» **EXERCISE INPUT**
lemma sparse_support_rank_transpose_mult:
  fixes A X Y Q :: "real mat" and m n r k p :: nat and \<delta> :: real
  assumes A: "A \<in> carrier_mat m n"
    and X: "X \<in> carrier_mat n r"
    and Y: "Y \<in> carrier_mat m r"
    and AXY: "A * X = Y"
    and k: "card (row_supp X) = k"
    and Y_indep: "\<forall>c \<in> carrier_vec r. Y *\<^sub>v c = 0\<^sub>v m \<longrightarrow> c = 0\<^sub>v r"
    and Q: "Q \<in> carrier_mat m p"
    and Q_span: "{Q *\<^sub>v c | c. c \<in> carrier_vec p} =
                 {v \<in> carrier_vec m. \<forall>d \<in> carrier_vec r. v \<bullet> (Y *\<^sub>v d) = 0}"
    and RIP: "left_RIP A (2 * k - r + 1) \<delta>"
  obtains G where "sparse_support_rank A X (transpose_mat Q * A) (G * A) m n r p k"
proof -
  obtain G where G: "G \<in> carrier_mat r m"
    and G_coord: "\<forall>w \<in> carrier_vec m. transpose_mat Q *\<^sub>v w = 0\<^sub>v p \<longrightarrow> w = Y *\<^sub>v (G *\<^sub>v w)"
    using orthogonal_complement_coordinates(2)[OF Y Y_indep Q Q_span] by blast
  have AX: "A *\<^sub>v (X *\<^sub>v c) = Y *\<^sub>v c" if "c \<in> carrier_vec r" for c
    using AXY A X that by (metis assoc_mult_mat_vec)
  have "sparse_support_rank A X (transpose_mat Q * A) (G * A) m n r p k"
  proof
    show "c = 0\<^sub>v r" if "c \<in> carrier_vec r" "X *\<^sub>v c = 0\<^sub>v n" for c
    proof -
      have "Y *\<^sub>v c = 0\<^sub>v m" using AX[OF that(1)] that(2) A by auto
      then show ?thesis using Y_indep that(1) by blast
    qed
    show "(transpose_mat Q * A) *\<^sub>v (X *\<^sub>v c) = 0\<^sub>v p" if "c \<in> carrier_vec r" for c
      using orthogonal_complement_coordinates(1)[OF Y Y_indep Q Q_span that] AX[OF that] Q A X that
      by simp
    show "A *\<^sub>v u = A *\<^sub>v (X *\<^sub>v ((G * A) *\<^sub>v u))"
      if "u \<in> carrier_vec n" "(transpose_mat Q * A) *\<^sub>v u = 0\<^sub>v p" for u
      using G_coord AX[of "G *\<^sub>v (A *\<^sub>v u)"] that Q A G by simp
    show "z = 0\<^sub>v n" if "z \<in> carrier_vec n" "A *\<^sub>v z = 0\<^sub>v m" "vec_nnz z \<le> 2 * k - r + 1" for z
      using left_RIP_sparse_kernel[OF RIP] that A by auto
  qed (use A X Q G k in auto)
  then show thesis by (rule that)
qed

» **WORK TO COMPLETE**
Start from the line that holds "using orthogonal_complement_coordinates(1)[OF Y" and print each line to the end of the records exactly, leaving out everything before it.

» **ANSWER FOR THIS EXERCISE**
      using orthogonal_complement_coordinates(1)[OF Y Y_indep Q Q_span that] AX[OF that] Q A X that
      by simp
    show "A *\<^sub>v u = A *\<^sub>v (X *\<^sub>v ((G * A) *\<^sub>v u))"
      if "u \<in> carrier_vec n" "(transpose_mat Q * A) *\<^sub>v u = 0\<^sub>v p" for u
      using G_coord AX[of "G *\<^sub>v (A *\<^sub>v u)"] that Q A G by simp
    show "z = 0\<^sub>v n" if "z \<in> carrier_vec n" "A *\<^sub>v z = 0\<^sub>v m" "vec_nnz z \<le> 2 * k - r + 1" for z
      using left_RIP_sparse_kernel[OF RIP] that A by auto
  qed (use A X Q G k in auto)
  then show thesis by (rule that)
qed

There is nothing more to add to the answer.